The Peaks Over Threshold (POT) approach regards extremes as observations greater than a threshold u. The probability distribution of exceedances above a specified threshold u can be expressed as the conditional distribution H(y) = P\left \{Y \leq u + y \mid Y > u \right \} = \frac{ F(u+y) - F(u)}{1 - F(u)}. \tag{2.16} When the distribution F satisfies the FTG theorem, then (Coles 2001, p75) H is a Generalized Pareto Distribution (GPD) defined by H(y) \approx 1 - \Big( 1 + \frac{\xi y}{\sigma_u} \Big)^{-1/\xi} , \tag{2.17} where the domain of H is \{y: y >0 \text{ and } (1 + \xi y)/\sigma_u >0 \}, and \sigma_u = \sigma + \xi(u- \mu). The GPD parameters are determined from the associated GEV parameters. In particular, the shape parameter \xi is the same in both distributions.

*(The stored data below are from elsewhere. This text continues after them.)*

(* Let $r\ge 3$, $k\ge 2r+13$, $m=\lfloor (k-1)/2\rfloor$, $f(n)=\binom{m}{r-1}(n-m)+\binom{m}{r}+\mathbb{1}_{2\mid k}\binom{m}{r-2}$, and $N_{k,r}=\binom{r(k-1)}{r}+\binom{m}{r-1}m-\binom{m}{r}-\mathbb{1}_{2\mid k}\binom{m}{r-2}+r(k-1)$. Let $n>N_{k,r}$ and let $\mathcal H$ be a connected $n$-vertex $r$-graph with no Berge-path of length $k$ and with at least $f(n)$ hyperedges. Let $\mathcal H'$ be obtained from $\mathcal H$ by repeatedly deleting a vertex whose degree in the current hypergraph is less than $\binom{m}{r-1}$, together with all hyperedges containing it, until no such vertex remains. Then $\mathcal H'$ is connected.
   Context: An $r$-graph is a simple $r$-uniform hypergraph; the degree of a vertex is the number of hyperedges containing it; a hypergraph is connected if any two vertices are joined by a sequence of hyperedges with consecutive ones intersecting (equivalently, by a Berge-path). A Berge-path of length $t$ is an alternating sequence $v_1,e_1,\dots,e_t,v_{t+1}$ of $t+1$ distinct vertices and $t$ distinct hyperedges with $\{v_i,v_{i+1}\}\subseteq e_i$. $\mathbb{1}_{2\mid k}$ is $1$ if $k$ is even and $0$ otherwise. *)

theory Defs
  imports Main
begin

definition r_graph :: "nat \<Rightarrow> 'a set \<Rightarrow> 'a set set \<Rightarrow> bool" where
  "r_graph r V E \<longleftrightarrow> finite V \<and> (\<forall>e\<in>E. e \<subseteq> V \<and> card e = r)"

definition hdegree :: "'a set set \<Rightarrow> 'a \<Rightarrow> nat" where
  "hdegree E v = card {e\<in>E. v \<in> e}"

definition hconnected :: "'a set \<Rightarrow> 'a set set \<Rightarrow> bool" where
  "hconnected V E \<longleftrightarrow>
     (\<forall>u\<in>V. \<forall>w\<in>V. u \<noteq> w \<longrightarrow>
        (\<exists>es. es \<noteq> [] \<and> set es \<subseteq> E \<and> u \<in> hd es \<and> w \<in> last es \<and>
              (\<forall>i. Suc i < length es \<longrightarrow> es ! i \<inter> es ! Suc i \<noteq> {})))"

definition berge_path :: "'a set set \<Rightarrow> 'a list \<Rightarrow> 'a set list \<Rightarrow> bool" where
  "berge_path E vs es \<longleftrightarrow>
     length vs = Suc (length es) \<and> distinct vs \<and> distinct es \<and> set es \<subseteq> E \<and>
     (\<forall>i < length es. {vs ! i, vs ! Suc i} \<subseteq> es ! i)"

definition has_berge_path :: "'a set set \<Rightarrow> nat \<Rightarrow> bool" where
  "has_berge_path E t \<longleftrightarrow> (\<exists>vs es. berge_path E vs es \<and> length es = t)"

inductive peel_step :: "nat \<Rightarrow> 'a set \<times> 'a set set \<Rightarrow> 'a set \<times> 'a set set \<Rightarrow> bool"
  for d where
  "v \<in> V \<Longrightarrow> hdegree E v < d \<Longrightarrow> peel_step d (V, E) (V - {v}, {e\<in>E. v \<notin> e})"

definition ind_even :: "nat \<Rightarrow> nat" where
  "ind_even k = (if even k then 1 else 0)"

end

theory Submission
  imports Defs "HOL.Binomial_Plus"
begin

text \<open>After the peeling every vertex has degree at least C(m, r - 1), and since each deleted
  vertex took fewer than C(m, r - 1) edges along, at least C(m, r - 1)(n' - m) edges survive on the
  n' remaining vertices. Suppose the peeled hypergraph is disconnected.

  If every vertex of some component starts a Berge path of length m + 1, take such a path ending at
  a shortest bridge of the original (connected) hypergraph leaving the component, and continue after
  the bridge with a path of length m grown greedily from the high minimum degree. The bridge edges
  were deleted by the peeling, so the three pieces form a Berge path of length 2m + 2 >= k.

  Otherwise every component contains a vertex u from which no Berge path of length m + 1 starts.
  Posa rotations of a path of length m from u show that its m + 1 vertices absorb every edge
  meeting them away from u. Removing these vertex sets one by one bounds the number of edges of a
  component with c >= m + 1 vertices by (c - 1) C(m + 1, r) / m, and summing over two parts of the
  vertex set contradicts the edge count.\<close>

section \<open>Berge walks and paths\<close>

fun berge_walk :: "'a list \<Rightarrow> 'a set list \<Rightarrow> bool" where
  "berge_walk [v] [] \<longleftrightarrow> True"
| "berge_walk (v # w # vs) (e # es) \<longleftrightarrow> {v, w} \<subseteq> e \<and> berge_walk (w # vs) es"
| "berge_walk _ _ \<longleftrightarrow> False"

lemma berge_walk_iff_nth:
  "berge_walk vs es \<longleftrightarrow>
     length vs = Suc (length es) \<and> (\<forall>i<length es. {vs ! i, vs ! Suc i} \<subseteq> es ! i)"
proof (induction vs es rule: berge_walk.induct)
  case (2 v w vs e es)
  then show ?case
    by (auto simp: less_Suc_eq_0_disj)
next
  case ("3_1" es)
  then show ?case by (cases es) auto
qed auto

lemma berge_path_iff:
  "berge_path E vs es \<longleftrightarrow> berge_walk vs es \<and> distinct vs \<and> distinct es \<and> set es \<subseteq> E"
  unfolding berge_path_def berge_walk_iff_nth by auto

lemma berge_walk_length: "berge_walk vs es \<Longrightarrow> length vs = Suc (length es)"
  by (simp add: berge_walk_iff_nth)

lemma berge_walk_not_Nil: "berge_walk vs es \<Longrightarrow> vs \<noteq> []"
  by (auto dest: berge_walk_length)

lemma berge_walk_last_eq_nth: "berge_walk vs es \<Longrightarrow> last vs = vs ! length es"
  by (simp add: berge_walk_length berge_walk_not_Nil last_conv_nth)

lemma berge_walk_nth_in_edge:
  "berge_walk vs es \<Longrightarrow> i < length es \<Longrightarrow> vs ! i \<in> es ! i \<and> vs ! Suc i \<in> es ! i"
  by (simp add: berge_walk_iff_nth)

lemma last_append_tl: "xs \<noteq> [] \<Longrightarrow> ys \<noteq> [] \<Longrightarrow> last xs = hd ys \<Longrightarrow> last (xs @ tl ys) = last ys"
  by (cases ys) auto

lemma berge_walk_append:
  "berge_walk xs es1 \<Longrightarrow> berge_walk ys es2 \<Longrightarrow> last xs = hd ys \<Longrightarrow>
   berge_walk (xs @ tl ys) (es1 @ es2)"
proof (induction xs es1 rule: berge_walk.induct)
  case (1 v)
  then show ?case using berge_walk_not_Nil[of ys es2] by (cases ys) auto
qed auto

lemma berge_walk_join:
  "berge_walk (xs @ [a]) es1 \<Longrightarrow> {a, b} \<subseteq> g \<Longrightarrow> berge_walk (b # ys) es2 \<Longrightarrow>
   berge_walk (xs @ a # b # ys) (es1 @ g # es2)"
  using berge_walk_append[of "xs @ [a]" es1 "a # b # ys" "g # es2"] by simp

lemma berge_walk_snoc:
  "berge_walk vs es \<Longrightarrow> {last vs, z} \<subseteq> e \<Longrightarrow> berge_walk (vs @ [z]) (es @ [e])"
  using berge_walk_append[of vs es "[last vs, z]" "[e]"] by simp

lemma berge_walk_rev: "berge_walk vs es \<Longrightarrow> berge_walk (rev vs) (rev es)"
  unfolding berge_walk_iff_nth
proof (intro conjI allI impI)
  fix i
  assume walk: "length vs = Suc (length es) \<and> (\<forall>i<length es. {vs ! i, vs ! Suc i} \<subseteq> es ! i)"
    and i: "i < length (rev es)"
  let ?j = "length es - Suc i"
  have "rev vs ! i = vs ! Suc ?j" "rev vs ! Suc i = vs ! ?j" "rev es ! i = es ! ?j"
    using walk i by (simp_all add: rev_nth Suc_diff_Suc)
  then show "{rev vs ! i, rev vs ! Suc i} \<subseteq> rev es ! i" using walk i by auto
qed auto

lemma berge_walk_take:
  "berge_walk vs es \<Longrightarrow> n \<le> length es \<Longrightarrow> berge_walk (take (Suc n) vs) (take n es)"
  unfolding berge_walk_iff_nth by auto

lemma berge_walk_drop:
  "berge_walk vs es \<Longrightarrow> n \<le> length es \<Longrightarrow> berge_walk (drop n vs) (drop n es)"
  unfolding berge_walk_iff_nth by auto

lemma berge_walk_edge_meets_vertices:
  assumes "berge_walk vs es" "e \<in> set es"
  shows "set vs \<inter> e \<noteq> {}"
proof -
  obtain j where "j < length es" "es ! j = e" using assms(2) by (auto simp: in_set_conv_nth)
  then show ?thesis
    using berge_walk_nth_in_edge[OF assms(1)] berge_walk_length[OF assms(1)] by force
qed

lemma berge_walk_vertices_subset:
  "berge_walk vs es \<Longrightarrow> \<forall>e\<in>set es. e \<subseteq> C \<Longrightarrow> hd vs \<in> C \<Longrightarrow> set vs \<subseteq> C"
  by (induction vs es rule: berge_walk.induct) auto

lemma berge_walk_last_ne_hd:
  assumes "berge_walk vs es" "distinct vs" "es \<noteq> []"
  shows "last vs \<noteq> hd vs"
proof -
  obtain a b rest where "vs = a # b # rest"
    using berge_walk_length[OF assms(1)] assms(3) by (cases vs; cases "tl vs") auto
  then show ?thesis using assms(2) by auto
qed

text \<open>Posa rotation at position i: the segment after vs ! i is reversed and attached to vs ! i by
  an edge g through vs ! i and the old end.\<close>
definition rotate_path_vertices :: "nat \<Rightarrow> 'a list \<Rightarrow> 'a list" where
  "rotate_path_vertices i vs = take (Suc i) vs @ rev (drop (Suc i) vs)"

definition rotate_path_edges :: "nat \<Rightarrow> 'a set \<Rightarrow> 'a set list \<Rightarrow> 'a set list" where
  "rotate_path_edges i g es = take i es @ g # rev (drop (Suc i) es)"

lemma berge_walk_rotate:
  assumes walk: "berge_walk vs es" and i: "i < length es" and g: "{vs ! i, last vs} \<subseteq> g"
  shows "berge_walk (rotate_path_vertices i vs) (rotate_path_edges i g es)"
proof -
  have L: "length vs = Suc (length es)" using berge_walk_length[OF walk] .
  have take: "take (Suc i) vs = take i vs @ [vs ! i]" using L i by (simp add: take_Suc_conv_app_nth)
  have "rev (drop (Suc i) vs) \<noteq> []" "hd (rev (drop (Suc i) vs)) = last vs"
    using L i by (simp_all add: hd_rev)
  then obtain ys where tail: "rev (drop (Suc i) vs) = last vs # ys"
    by (metis list.collapse)
  have "berge_walk (take i vs @ [vs ! i]) (take i es)"
    using berge_walk_take[OF walk, of i] i take by simp
  moreover have "berge_walk (last vs # ys) (rev (drop (Suc i) es))"
    using berge_walk_rev[OF berge_walk_drop[OF walk, of "Suc i"]] i tail by simp
  ultimately have "berge_walk (take i vs @ vs ! i # last vs # ys) (rotate_path_edges i g es)"
    unfolding rotate_path_edges_def by (rule berge_walk_join[OF _ g])
  moreover have "take i vs @ vs ! i # last vs # ys = rotate_path_vertices i vs"
    unfolding rotate_path_vertices_def take tail by simp
  ultimately show ?thesis by simp
qed

lemma set_rotate_path_vertices: "set (rotate_path_vertices i vs) = set vs"
proof -
  have "set vs = set (take (Suc i) vs @ drop (Suc i) vs)" by simp
  then show ?thesis unfolding rotate_path_vertices_def by (simp only: set_append set_rev)
qed

lemma distinct_rotate_path_vertices: "distinct (rotate_path_vertices i vs) \<longleftrightarrow> distinct vs"
proof -
  have "distinct vs = distinct (take (Suc i) vs @ drop (Suc i) vs)" by simp
  then show ?thesis unfolding rotate_path_vertices_def
    by (simp only: distinct_append distinct_rev set_rev)
qed

lemma hd_rotate_path_vertices: "vs \<noteq> [] \<Longrightarrow> hd (rotate_path_vertices i vs) = hd vs"
  unfolding rotate_path_vertices_def by (cases vs) auto

lemma last_rotate_path_vertices:
  "Suc i < length vs \<Longrightarrow> last (rotate_path_vertices i vs) = vs ! Suc i"
  unfolding rotate_path_vertices_def by (simp add: last_rev hd_drop_conv_nth)

lemma length_rotate_path_edges:
  "i < length es \<Longrightarrow> length (rotate_path_edges i g es) = length es"
  unfolding rotate_path_edges_def by simp

lemma nth_Suc_rotate_path_edges:
  assumes "Suc i < length es"
  shows "rotate_path_edges i g es ! Suc i = last es"
proof -
  have "rotate_path_edges i g es ! Suc i = rev (drop (Suc i) es) ! 0"
    using assms by (simp add: rotate_path_edges_def nth_append)
  also have "\<dots> = hd (rev (drop (Suc i) es))"
    using assms by (simp add: hd_conv_nth)
  also have "\<dots> = last es"
    using assms by (simp add: hd_rev)
  finally show ?thesis .
qed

Continuing the previous example, we now look at the probability distribution of exceedances above 3 from a N(0,1) distribution. We simulate 1 million N(0,1) values and only keep those above 3. Then two GPD estimates are drawn. The orange GPD uses the parameters obtained previously from the GEV estimate, while the blue GPD estimates the parameters from the exceedances.

Code
df <- tibble(y = rnorm(1e6)) |>
  filter(y > 3)
gpd <- evd::fpot(df$y, 3)$estimate
max_density <- max_density |>
  mutate(
    hy = evd::dgpd(y, loc = 3, scale = gev["scale"], shape = gev["shape"]),
    hy2 = evd::dgpd(y, loc = 3, scale = gpd["scale"], shape = gpd["shape"])
  )
df |>
  ggplot(aes(x = y)) +
  geom_line(data = max_density, aes(x = y, y = hy), col = "#D55E00") +
  geom_line(data = max_density, aes(x = y, y = hy2), col = "#0072B2")
Figure 2.19: Conditional distribution of exceedances above 3 from N(0,1) draws. Here we have simulated 1 million values and only kept those above 3. The density implied by the GEV distribution is shown in orange, and an estimated GPD distribution is shown in blue.

The orange estimate is slightly better because it is based on more information (10000 maximums rather than 1451 exceedances).